According to an article on Down To Earth, global climate change is closely linked to agricultural production and the impact of rice cultivation on the environment, including its effect on greenhouse gases (GHGs) emission, is a matter of concern for everyone.
“Two major GHGs from agricultural sectors are methane (CH4) and nitrous oxide. Methane emission depends on anaerobic degradation of organic complexes such as plant residues, organic matter and organic fertilisers under submerged conditions where there is a lack of oxygen,” the article stated.
Research has shown that the rice-fish cultivation system is capable of lowering the emission of methane and other GHGs. A total of 10 – 20% of methane in the atmosphere comes from paddy fields. This is significant as the global warming potential (GWP) of methane is 25 times more than that of carbon dioxide..
Opportunities for Africa
African countries have also now started to explore rice-fish farming in countries such as Liberia, Nigeria, and many other countries in Sub-Saharan Africa. Local farmers have enjoyed the economic and environmental opportunities that come with rice-fish farming.
According to an article on the South-South website, the rice-fish system has been effective in doubling yield: on average, 6.7 to 7.5 tons of rice per hectare, and a total of 0.75 to 2.25 tons of fish per hectare in Sub-Sahara Africa. The website states that the output value is some $8 550 to $17 100 per hectare, very high by international standards.

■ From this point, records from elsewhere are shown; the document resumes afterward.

(* Let $m_0$ be a positive integer with the covering property. There exists $\zeta_2>0$, not depending on $d$, such that if $0\le\zeta<\zeta_2$, then there exist a positive constant $\Lambda_2=\Lambda_2(\gamma,N,m_0,\zeta)$ and almost surely finite positive random variables $C^l_2$ ($1\le l\le d$) such that, with $C_2:=\max_{1\le l\le d}C^l_2$, almost surely for all $n\ge0$: $$\mathcal D(\mathfrak x^l_n)\le C^l_2\,e^{-\Lambda_2 n}\quad(1\le l\le d),\qquad \max_{i,j}\|\mathbf x^i_n-\mathbf x^j_n\|_\infty\le C_2\,e^{-\Lambda_2 n}.$$
   Context: Setting (random batch CBO). Fix integers $N\ge2$, $d\ge1$, batch size $P\ge2$, drift $\gamma\in(0,1)$, noise level $\zeta\ge0$; $\mathcal N=\{1,\dots,N\}$. Weight functions $\omega_{S,j}:(\mathbb R^d)^N\to[0,\infty)$ for nonempty $S\subseteq\mathcal N$, $j\in\mathcal N$, with $\sum_{j\in S}\omega_{S,j}=1$ and $\omega_{S,j}=0$ for $j\notin S$. $\mathcal A$ is the set of partitions of $\mathcal N$ into $\lceil N/P\rceil$ batches, all of size $P$ except possibly one of size at most $P$; $(\mathcal B^n)_{n\ge0}$ i.i.d. uniform on $\mathcal A$; $[i]_n$ is the batch of $\mathcal B^n$ containing $i$. Noise arrays $(\eta^{i,l}_n)_{i,l}$ are i.i.d. in $n$ with $\mathbb E\eta^{i,l}_n=0$, $\mathbb E|\eta^{i,l}_n|^2\le\zeta^2$; initial data $X_0$ (deterministic or random), batches, and noises are mutually independent. The dynamics is $\mathbf x^i_{n+1}=\mathbf x^i_n-\gamma(\mathbf x^i_n-\bar{\mathbf x}^{[i]_n,*}_n)-\sum_{l=1}^d(x^{i,l}_n-\bar x^{[i]_n,*,l}_n)\eta^{i,l}_n\mathbf e_l$ with $\bar{\mathbf x}^{S,*}_n=\sum_j\omega_{S,j}(X_n)\mathbf x^j_n$, $X_n=(\mathbf x^1_n,\dots,\mathbf x^N_n)$. Let $\mathfrak x^l_n:=(x^{1,l}_n,\dots,x^{N,l}_n)^\top$ and $\mathcal D(\mathbf z):=\max_iz_i-\min_iz_i$. A positive integer $m_0$ has the covering property if there exist partitions $\mathcal P^1,\dots,\mathcal P^{m_0}\in\mathcal A$ such that every pair $i,j\in\mathcal N$ lies in a common block of some $\mathcal P^k$. *)

theory Defs
  imports "HOL-Probability.Probability" "HOL-Library.Disjoint_Sets"
begin

text \<open>Particles are indexed by 1..N, coordinates by 1..d.
  A configuration in (R^d)^N is an element of the extensional function space
  with carrier {1..N} -> {1..d} -> real.\<close>

definition stateM :: "nat \<Rightarrow> nat \<Rightarrow> (nat \<Rightarrow> nat \<Rightarrow> real) measure" where
  "stateM N d = (\<Pi>\<^sub>M i\<in>{1..N}. \<Pi>\<^sub>M l\<in>{1..d}. (borel :: real measure))"

definition arr :: "nat \<Rightarrow> nat \<Rightarrow> (nat \<Rightarrow> nat \<Rightarrow> 'a \<Rightarrow> real) \<Rightarrow> 'a \<Rightarrow> (nat \<Rightarrow> nat \<Rightarrow> real)" where
  "arr N d y \<omega> = (\<lambda>i\<in>{1..N}. \<lambda>l\<in>{1..d}. y i l \<omega>)"

definition batch_partitions :: "nat \<Rightarrow> nat \<Rightarrow> nat set set set" where
  "batch_partitions N P = {Q. partition_on {1..N} Q
      \<and> card Q = nat \<lceil>real N / real P\<rceil>
      \<and> (\<forall>S\<in>Q. card S \<le> P)
      \<and> (\<exists>S0\<in>Q. \<forall>S\<in>Q. S \<noteq> S0 \<longrightarrow> card S = P)}"

definition blk :: "nat set set \<Rightarrow> nat \<Rightarrow> nat set" where
  "blk Q i = (THE S. S \<in> Q \<and> i \<in> S)"

definition covering_property :: "nat \<Rightarrow> nat \<Rightarrow> nat \<Rightarrow> bool" where
  "covering_property N P m0 \<longleftrightarrow> 0 < m0 \<and>
     (\<exists>Ps :: nat \<Rightarrow> nat set set. (\<forall>k\<in>{1..m0}. Ps k \<in> batch_partitions N P) \<and>
        (\<forall>i\<in>{1..N}. \<forall>j\<in>{1..N}. \<exists>k\<in>{1..m0}. \<exists>S\<in>Ps k. i \<in> S \<and> j \<in> S))"

definition admissible_weights ::
  "nat \<Rightarrow> nat \<Rightarrow> (nat set \<Rightarrow> nat \<Rightarrow> (nat \<Rightarrow> nat \<Rightarrow> real) \<Rightarrow> real) \<Rightarrow> bool" where
  "admissible_weights N d w \<longleftrightarrow>
     (\<forall>S j. S \<noteq> {} \<and> S \<subseteq> {1..N} \<and> j \<in> {1..N} \<longrightarrow> w S j \<in> borel_measurable (stateM N d)) \<and>
     (\<forall>S. S \<noteq> {} \<and> S \<subseteq> {1..N} \<longrightarrow> (\<forall>X\<in>space (stateM N d).
        (\<forall>j\<in>{1..N}. 0 \<le> w S j X) \<and> (\<forall>j\<in>{1..N}. j \<notin> S \<longrightarrow> w S j X = 0) \<and>
        (\<Sum>j\<in>S. w S j X) = 1))"

datatype rv_index = Init | Batch nat | Noise nat

definition rbcbo_model ::
  "nat \<Rightarrow> nat \<Rightarrow> real \<Rightarrow> real \<Rightarrow> nat \<Rightarrow>
   (nat set \<Rightarrow> nat \<Rightarrow> (nat \<Rightarrow> nat \<Rightarrow> real) \<Rightarrow> real) \<Rightarrow> 'a measure \<Rightarrow>
   (nat \<Rightarrow> 'a \<Rightarrow> nat set set) \<Rightarrow> (nat \<Rightarrow> nat \<Rightarrow> nat \<Rightarrow> 'a \<Rightarrow> real) \<Rightarrow>
   (nat \<Rightarrow> nat \<Rightarrow> 'a \<Rightarrow> real) \<Rightarrow> (nat \<Rightarrow> nat \<Rightarrow> nat \<Rightarrow> 'a \<Rightarrow> real) \<Rightarrow> bool" where
  "rbcbo_model N P \<gamma> \<zeta> d w M B \<eta> X0 x \<longleftrightarrow>
     prob_space M \<and>
     admissible_weights N d w \<and>
     \<comment> \<open>batches: i.i.d. uniform on A\<close>
     (\<forall>n. B n \<in> measurable M (count_space UNIV) \<and>
          (\<forall>\<omega>\<in>space M. B n \<omega> \<in> batch_partitions N P) \<and>
          (\<forall>Q\<in>batch_partitions N P.
              measure M {\<omega>\<in>space M. B n \<omega> = Q} = 1 / real (card (batch_partitions N P)))) \<and>
     \<comment> \<open>initial data\<close>
     arr N d X0 \<in> measurable M (stateM N d) \<and>
     \<comment> \<open>noise arrays: identically distributed in n, centred, second moment at most zeta^2\<close>
     (\<forall>n. arr N d (\<eta> n) \<in> measurable M (stateM N d) \<and>
          distr M (stateM N d) (arr N d (\<eta> n)) = distr M (stateM N d) (arr N d (\<eta> 0)) \<and>
          (\<forall>i\<in>{1..N}. \<forall>l\<in>{1..d}.
              integrable M (\<eta> n i l) \<and> (\<integral>\<omega>. \<eta> n i l \<omega> \<partial>M) = 0 \<and>
              integrable M (\<lambda>\<omega>. (\<eta> n i l \<omega>)\<^sup>2) \<and> (\<integral>\<omega>. (\<eta> n i l \<omega>)\<^sup>2 \<partial>M) \<le> \<zeta>\<^sup>2)) \<and>
     \<comment> \<open>mutual independence of X0, all batches and all noise arrays\<close>
     prob_space.indep_sets M (\<lambda>k. case k of
         Init \<Rightarrow> {arr N d X0 -` A \<inter> space M | A. A \<in> sets (stateM N d)}
       | Batch n \<Rightarrow> {B n -` A \<inter> space M | A. A \<in> sets (count_space UNIV)}
       | Noise n \<Rightarrow> {arr N d (\<eta> n) -` A \<inter> space M | A. A \<in> sets (stateM N d)}) UNIV \<and>
     \<comment> \<open>dynamics\<close>
     (\<forall>\<omega>\<in>space M. \<forall>i\<in>{1..N}. \<forall>l\<in>{1..d}. x 0 i l \<omega> = X0 i l \<omega>) \<and>
     (\<forall>n. \<forall>\<omega>\<in>space M. \<forall>i\<in>{1..N}. \<forall>l\<in>{1..d}.
        (let S = blk (B n \<omega>) i;
             xbar = (\<Sum>j\<in>{1..N}. w S j (arr N d (x n) \<omega>) * x n j l \<omega>)
         in x (Suc n) i l \<omega> = x n i l \<omega> - \<gamma> * (x n i l \<omega> - xbar)
                               - (x n i l \<omega> - xbar) * \<eta> n i l \<omega>))"

definition spread :: "nat \<Rightarrow> (nat \<Rightarrow> real) \<Rightarrow> real" where
  "spread N z = (MAX i\<in>{1..N}. z i) - (MIN i\<in>{1..N}. z i)"

end

theory Submission
  imports Defs
begin

text \<open>Fix a coordinate and let D(n) be the spread of the particles at time n. Every particle
  moves towards a convex combination of the particles, so in one step the spread grows at most
  by the factor 1 + 2 e(n), where e(n) is the sum of the absolute noises. If during m0
  consecutive steps the batches are exactly the partitions of the covering property, an event of
  probability p = |A|^(-m0), then the two extreme particles have shared a batch mean in which
  some particle has weight at least 1/P; this lifts the minimum, lowers the maximum, and the
  spread contracts by 1 - \<delta> with \<delta> = \<gamma>/P (1 - \<gamma>)^(m0 - 1). The noise and the batches at
  time n are independent of the configuration at time n, so taking expectations turns these
  pathwise inequalities into linear recursions for a(n) = E[D(n) / (1 + D(0))]. For small noise
  they give a(n + m0) \<le> (1 - \<delta> p / 2) a(n), hence \<Sum> a(n) exp(\<Lambda> n) < \<infinity> for a smaller
  rate \<Lambda>, and by monotone convergence D(n) exp(\<Lambda> n) / (1 + D(0)) is almost surely bounded.\<close>

section \<open>Consensus steps with multiplicative noise\<close>


lemma weighted_mean_ge:
  fixes W z :: "'i \<Rightarrow> real"
  assumes "\<And>c. c \<in> I \<Longrightarrow> 0 \<le> W c" and "(\<Sum>c\<in>I. W c) = 1" and "\<And>c. c \<in> I \<Longrightarrow> L \<le> z c"
  shows "L \<le> (\<Sum>c\<in>I. W c * z c)"
proof -
  have "L = (\<Sum>c\<in>I. W c * L)" using assms(2) by (simp add: sum_distrib_right[symmetric])
  also have "\<dots> \<le> (\<Sum>c\<in>I. W c * z c)"
    by (rule sum_mono) (simp add: assms(1,3) mult_left_mono)
  finally show ?thesis .
qed

lemma weighted_mean_ge_heavy:
  fixes W z :: "'i \<Rightarrow> real"
  assumes "finite I" and "\<And>c. c \<in> I \<Longrightarrow> 0 \<le> W c" and "(\<Sum>c\<in>I. W c) = 1"
    and "\<And>c. c \<in> I \<Longrightarrow> L \<le> z c" and "h \<in> I"
  shows "L + W h * (z h - L) \<le> (\<Sum>c\<in>I. W c * z c)"
proof -
  have "W h * (z h - L) \<le> (\<Sum>c\<in>I. W c * (z c - L))"
    by (rule member_le_sum[OF assms(5)]) (auto simp: assms(1,2,4))
  also have "\<dots> = (\<Sum>c\<in>I. W c * z c) - L"
    using assms(3) by (simp add: right_diff_distrib sum_subtractf sum_distrib_right[symmetric])
  finally show ?thesis by simp
qed

lemma ex_weight_ge_inverse_card:
  fixes W :: "'i \<Rightarrow> real"
  assumes "finite S" and "S \<noteq> {}" and "card S \<le> P" and "(\<Sum>c\<in>S. W c) = 1"
  shows "\<exists>h\<in>S. 1 / real P \<le> W h"
proof (rule ccontr)
  assume "\<not> ?thesis"
  then have "(\<Sum>c\<in>S. W c) < (\<Sum>c\<in>S. 1 / real P)"
    by (intro sum_strict_mono assms(1,2)) auto
  also have "\<dots> \<le> 1"
    using assms(3) by (cases "P = 0") (simp_all add: divide_le_eq_1)
  finally show False using assms(4) by simp
qed

locale noisy_consensus =
  fixes I :: "'i set" and z :: "nat \<Rightarrow> 'i \<Rightarrow> real" and W :: "nat \<Rightarrow> 'i \<Rightarrow> 'i \<Rightarrow> real"
    and e :: "nat \<Rightarrow> 'i \<Rightarrow> real" and \<gamma> :: real
  assumes finite_I: "finite I" and I_nonempty: "I \<noteq> {}"
    and weights_nonneg: "\<And>k i c. i \<in> I \<Longrightarrow> c \<in> I \<Longrightarrow> 0 \<le> W k i c"
    and weights_sum: "\<And>k i. i \<in> I \<Longrightarrow> (\<Sum>c\<in>I. W k i c) = 1"
    and \<gamma>_nonneg: "0 \<le> \<gamma>" and \<gamma>_le_1: "\<gamma> \<le> 1"
    and step: "\<And>k i. i \<in> I \<Longrightarrow> z (Suc k) i = z k i - \<gamma> * (z k i - (\<Sum>c\<in>I. W k i c * z k c))
                 - (z k i - (\<Sum>c\<in>I. W k i c * z k c)) * e k i"
begin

“The system has had a notable impact in participating countries such as Nigeria, where it has been successfully implemented on over 10 000 hectares through more than 35 demonstrations with different models, patterns, and fish species. Farmers have accepted the low-cost, high-yield rice-fish culture, and many private farms and farmer groups have managed to include a large number of households,” reads the website.